Brief:
Match on the string "assumes" in the entries below and return every matching line.

Data to process:
[Start of Attachment]

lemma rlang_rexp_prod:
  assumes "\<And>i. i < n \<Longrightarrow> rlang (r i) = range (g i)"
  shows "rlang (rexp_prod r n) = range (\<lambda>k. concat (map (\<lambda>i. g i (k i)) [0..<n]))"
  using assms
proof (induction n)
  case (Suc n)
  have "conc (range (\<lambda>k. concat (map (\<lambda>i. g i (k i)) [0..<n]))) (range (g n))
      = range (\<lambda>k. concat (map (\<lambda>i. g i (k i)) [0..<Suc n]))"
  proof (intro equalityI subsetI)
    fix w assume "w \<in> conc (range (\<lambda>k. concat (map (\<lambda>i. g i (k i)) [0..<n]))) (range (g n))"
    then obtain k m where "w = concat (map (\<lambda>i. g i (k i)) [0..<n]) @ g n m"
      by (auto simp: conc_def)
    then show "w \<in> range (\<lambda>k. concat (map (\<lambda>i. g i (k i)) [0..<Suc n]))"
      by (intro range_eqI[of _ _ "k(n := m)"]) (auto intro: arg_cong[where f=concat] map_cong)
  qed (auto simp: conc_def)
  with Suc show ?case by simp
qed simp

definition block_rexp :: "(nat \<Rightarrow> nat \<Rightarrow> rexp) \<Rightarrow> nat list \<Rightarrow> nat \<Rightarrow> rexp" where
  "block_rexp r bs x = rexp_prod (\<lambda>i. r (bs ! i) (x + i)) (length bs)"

[End of Attachment]
[Start of Attachment]

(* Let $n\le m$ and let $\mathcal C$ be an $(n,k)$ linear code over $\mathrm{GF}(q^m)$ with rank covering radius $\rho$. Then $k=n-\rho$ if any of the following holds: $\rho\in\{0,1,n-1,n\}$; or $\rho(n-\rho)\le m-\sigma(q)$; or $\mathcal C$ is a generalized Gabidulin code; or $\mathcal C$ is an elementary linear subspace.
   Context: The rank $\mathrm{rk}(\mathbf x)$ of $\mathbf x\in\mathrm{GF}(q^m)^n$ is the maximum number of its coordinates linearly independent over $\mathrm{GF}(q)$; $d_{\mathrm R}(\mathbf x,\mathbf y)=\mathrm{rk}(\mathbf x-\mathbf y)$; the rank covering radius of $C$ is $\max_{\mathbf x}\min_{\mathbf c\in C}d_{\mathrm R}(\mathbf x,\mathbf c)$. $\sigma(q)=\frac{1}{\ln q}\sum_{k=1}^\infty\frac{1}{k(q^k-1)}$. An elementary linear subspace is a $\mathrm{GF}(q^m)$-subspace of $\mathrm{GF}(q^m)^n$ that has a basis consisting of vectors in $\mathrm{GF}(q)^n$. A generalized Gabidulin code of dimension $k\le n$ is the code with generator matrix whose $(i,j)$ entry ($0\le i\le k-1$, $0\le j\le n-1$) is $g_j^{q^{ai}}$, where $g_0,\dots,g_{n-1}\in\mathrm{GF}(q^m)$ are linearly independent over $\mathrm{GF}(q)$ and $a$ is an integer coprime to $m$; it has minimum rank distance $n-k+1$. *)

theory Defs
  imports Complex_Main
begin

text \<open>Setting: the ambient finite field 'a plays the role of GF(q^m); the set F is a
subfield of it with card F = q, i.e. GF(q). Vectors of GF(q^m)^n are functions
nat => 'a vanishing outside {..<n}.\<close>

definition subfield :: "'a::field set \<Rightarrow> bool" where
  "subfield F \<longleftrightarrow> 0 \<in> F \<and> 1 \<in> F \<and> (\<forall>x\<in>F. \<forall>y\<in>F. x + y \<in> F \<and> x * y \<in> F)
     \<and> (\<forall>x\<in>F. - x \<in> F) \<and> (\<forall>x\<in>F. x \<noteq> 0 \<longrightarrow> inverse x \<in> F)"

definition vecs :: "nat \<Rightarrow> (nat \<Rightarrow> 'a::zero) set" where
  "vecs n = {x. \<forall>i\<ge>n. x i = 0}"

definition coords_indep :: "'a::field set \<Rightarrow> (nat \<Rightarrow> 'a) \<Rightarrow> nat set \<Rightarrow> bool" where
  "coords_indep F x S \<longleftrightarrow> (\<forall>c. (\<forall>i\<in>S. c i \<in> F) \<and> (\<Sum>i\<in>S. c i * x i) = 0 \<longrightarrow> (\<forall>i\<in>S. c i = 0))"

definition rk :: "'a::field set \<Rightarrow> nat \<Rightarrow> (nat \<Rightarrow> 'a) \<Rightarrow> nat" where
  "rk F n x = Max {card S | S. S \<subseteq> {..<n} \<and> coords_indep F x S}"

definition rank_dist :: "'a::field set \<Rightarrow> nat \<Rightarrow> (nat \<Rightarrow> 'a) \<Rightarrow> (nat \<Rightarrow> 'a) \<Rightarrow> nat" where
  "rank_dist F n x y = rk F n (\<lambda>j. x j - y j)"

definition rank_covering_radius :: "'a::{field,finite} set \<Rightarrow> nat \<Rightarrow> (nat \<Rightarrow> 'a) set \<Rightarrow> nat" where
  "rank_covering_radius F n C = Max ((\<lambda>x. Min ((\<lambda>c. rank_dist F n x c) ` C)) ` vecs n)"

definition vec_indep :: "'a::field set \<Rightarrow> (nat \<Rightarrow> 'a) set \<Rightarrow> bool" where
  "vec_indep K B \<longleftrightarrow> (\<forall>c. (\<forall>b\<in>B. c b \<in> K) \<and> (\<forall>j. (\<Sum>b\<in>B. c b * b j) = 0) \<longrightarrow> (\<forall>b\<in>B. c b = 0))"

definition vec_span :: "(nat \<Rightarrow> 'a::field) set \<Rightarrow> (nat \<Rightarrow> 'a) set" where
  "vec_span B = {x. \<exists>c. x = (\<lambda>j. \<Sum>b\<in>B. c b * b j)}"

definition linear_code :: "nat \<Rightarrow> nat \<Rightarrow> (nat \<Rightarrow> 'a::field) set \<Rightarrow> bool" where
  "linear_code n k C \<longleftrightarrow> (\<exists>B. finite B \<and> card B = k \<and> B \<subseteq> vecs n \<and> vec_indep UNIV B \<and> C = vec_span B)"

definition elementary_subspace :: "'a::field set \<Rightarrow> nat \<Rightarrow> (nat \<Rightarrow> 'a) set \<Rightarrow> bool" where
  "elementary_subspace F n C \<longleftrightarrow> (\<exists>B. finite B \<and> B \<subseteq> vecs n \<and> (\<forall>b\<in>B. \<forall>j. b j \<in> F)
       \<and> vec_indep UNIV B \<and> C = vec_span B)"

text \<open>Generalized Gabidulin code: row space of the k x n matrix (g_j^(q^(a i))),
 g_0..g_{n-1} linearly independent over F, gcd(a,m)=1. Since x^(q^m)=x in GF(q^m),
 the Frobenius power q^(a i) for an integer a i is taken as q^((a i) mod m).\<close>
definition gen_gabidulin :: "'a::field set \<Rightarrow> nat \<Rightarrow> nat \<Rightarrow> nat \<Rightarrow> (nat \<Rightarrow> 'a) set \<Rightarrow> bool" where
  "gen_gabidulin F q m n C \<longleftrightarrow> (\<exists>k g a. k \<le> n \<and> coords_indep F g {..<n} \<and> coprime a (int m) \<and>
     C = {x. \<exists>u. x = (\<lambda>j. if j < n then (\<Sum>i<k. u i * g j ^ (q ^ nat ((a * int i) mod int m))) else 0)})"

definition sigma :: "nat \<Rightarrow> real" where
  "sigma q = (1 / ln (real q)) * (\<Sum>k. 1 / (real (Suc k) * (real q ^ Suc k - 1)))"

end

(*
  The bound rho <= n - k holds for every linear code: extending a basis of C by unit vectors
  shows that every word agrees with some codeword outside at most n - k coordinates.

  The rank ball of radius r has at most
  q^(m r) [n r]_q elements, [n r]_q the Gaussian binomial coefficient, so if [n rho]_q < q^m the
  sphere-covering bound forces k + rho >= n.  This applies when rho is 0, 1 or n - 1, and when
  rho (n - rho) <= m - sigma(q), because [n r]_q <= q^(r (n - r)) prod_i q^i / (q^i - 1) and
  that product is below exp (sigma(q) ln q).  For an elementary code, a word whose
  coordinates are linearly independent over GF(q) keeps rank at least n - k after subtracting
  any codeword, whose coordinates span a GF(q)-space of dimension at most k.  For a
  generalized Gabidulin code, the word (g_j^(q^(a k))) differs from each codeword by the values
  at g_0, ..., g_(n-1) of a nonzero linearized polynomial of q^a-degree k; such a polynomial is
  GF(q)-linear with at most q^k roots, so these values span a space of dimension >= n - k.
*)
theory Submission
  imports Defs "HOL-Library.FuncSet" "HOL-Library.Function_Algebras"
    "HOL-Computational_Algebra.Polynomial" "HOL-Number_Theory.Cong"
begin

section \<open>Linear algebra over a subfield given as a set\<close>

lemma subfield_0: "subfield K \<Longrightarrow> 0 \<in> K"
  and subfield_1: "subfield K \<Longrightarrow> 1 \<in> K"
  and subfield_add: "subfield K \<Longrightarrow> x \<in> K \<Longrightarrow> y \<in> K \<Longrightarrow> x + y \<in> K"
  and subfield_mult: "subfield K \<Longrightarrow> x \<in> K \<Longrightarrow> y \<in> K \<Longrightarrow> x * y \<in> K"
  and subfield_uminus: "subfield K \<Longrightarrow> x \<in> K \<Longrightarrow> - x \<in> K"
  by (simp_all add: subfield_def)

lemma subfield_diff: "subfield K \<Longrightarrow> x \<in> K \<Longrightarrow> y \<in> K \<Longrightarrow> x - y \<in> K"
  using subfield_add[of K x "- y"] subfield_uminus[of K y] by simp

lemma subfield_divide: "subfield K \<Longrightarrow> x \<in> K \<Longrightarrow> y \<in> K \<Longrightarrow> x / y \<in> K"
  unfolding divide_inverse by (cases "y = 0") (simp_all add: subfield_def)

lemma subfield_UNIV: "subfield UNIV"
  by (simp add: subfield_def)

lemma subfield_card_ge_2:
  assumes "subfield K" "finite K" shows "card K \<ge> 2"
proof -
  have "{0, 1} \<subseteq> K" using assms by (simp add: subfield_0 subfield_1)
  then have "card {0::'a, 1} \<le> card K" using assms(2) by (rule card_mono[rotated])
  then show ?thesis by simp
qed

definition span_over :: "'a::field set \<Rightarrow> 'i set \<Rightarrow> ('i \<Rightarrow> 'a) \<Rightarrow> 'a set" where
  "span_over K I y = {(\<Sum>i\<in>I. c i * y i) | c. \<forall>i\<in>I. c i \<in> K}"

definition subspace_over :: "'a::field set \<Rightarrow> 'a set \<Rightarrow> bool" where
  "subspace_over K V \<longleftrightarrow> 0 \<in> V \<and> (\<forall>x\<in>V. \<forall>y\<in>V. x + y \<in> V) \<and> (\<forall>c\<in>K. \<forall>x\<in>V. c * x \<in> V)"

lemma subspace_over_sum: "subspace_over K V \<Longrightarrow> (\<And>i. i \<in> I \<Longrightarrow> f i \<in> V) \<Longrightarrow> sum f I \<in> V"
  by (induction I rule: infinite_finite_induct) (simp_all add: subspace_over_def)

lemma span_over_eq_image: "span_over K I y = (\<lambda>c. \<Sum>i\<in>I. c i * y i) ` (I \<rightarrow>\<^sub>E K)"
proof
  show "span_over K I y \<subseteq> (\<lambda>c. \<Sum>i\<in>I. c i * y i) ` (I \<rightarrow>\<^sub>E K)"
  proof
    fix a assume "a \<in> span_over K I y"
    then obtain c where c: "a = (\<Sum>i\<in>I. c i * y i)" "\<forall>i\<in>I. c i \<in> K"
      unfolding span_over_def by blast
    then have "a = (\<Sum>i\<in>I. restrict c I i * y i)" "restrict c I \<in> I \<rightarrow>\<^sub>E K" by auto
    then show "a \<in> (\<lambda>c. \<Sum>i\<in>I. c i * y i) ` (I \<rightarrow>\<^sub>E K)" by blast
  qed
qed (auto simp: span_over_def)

[End of Attachment]

Final answer:
  assumes "\<And>i. i < n \<Longrightarrow> rlang (r i) = range (g i)"
  assumes "subfield K" "finite K" shows "card K \<ge> 2"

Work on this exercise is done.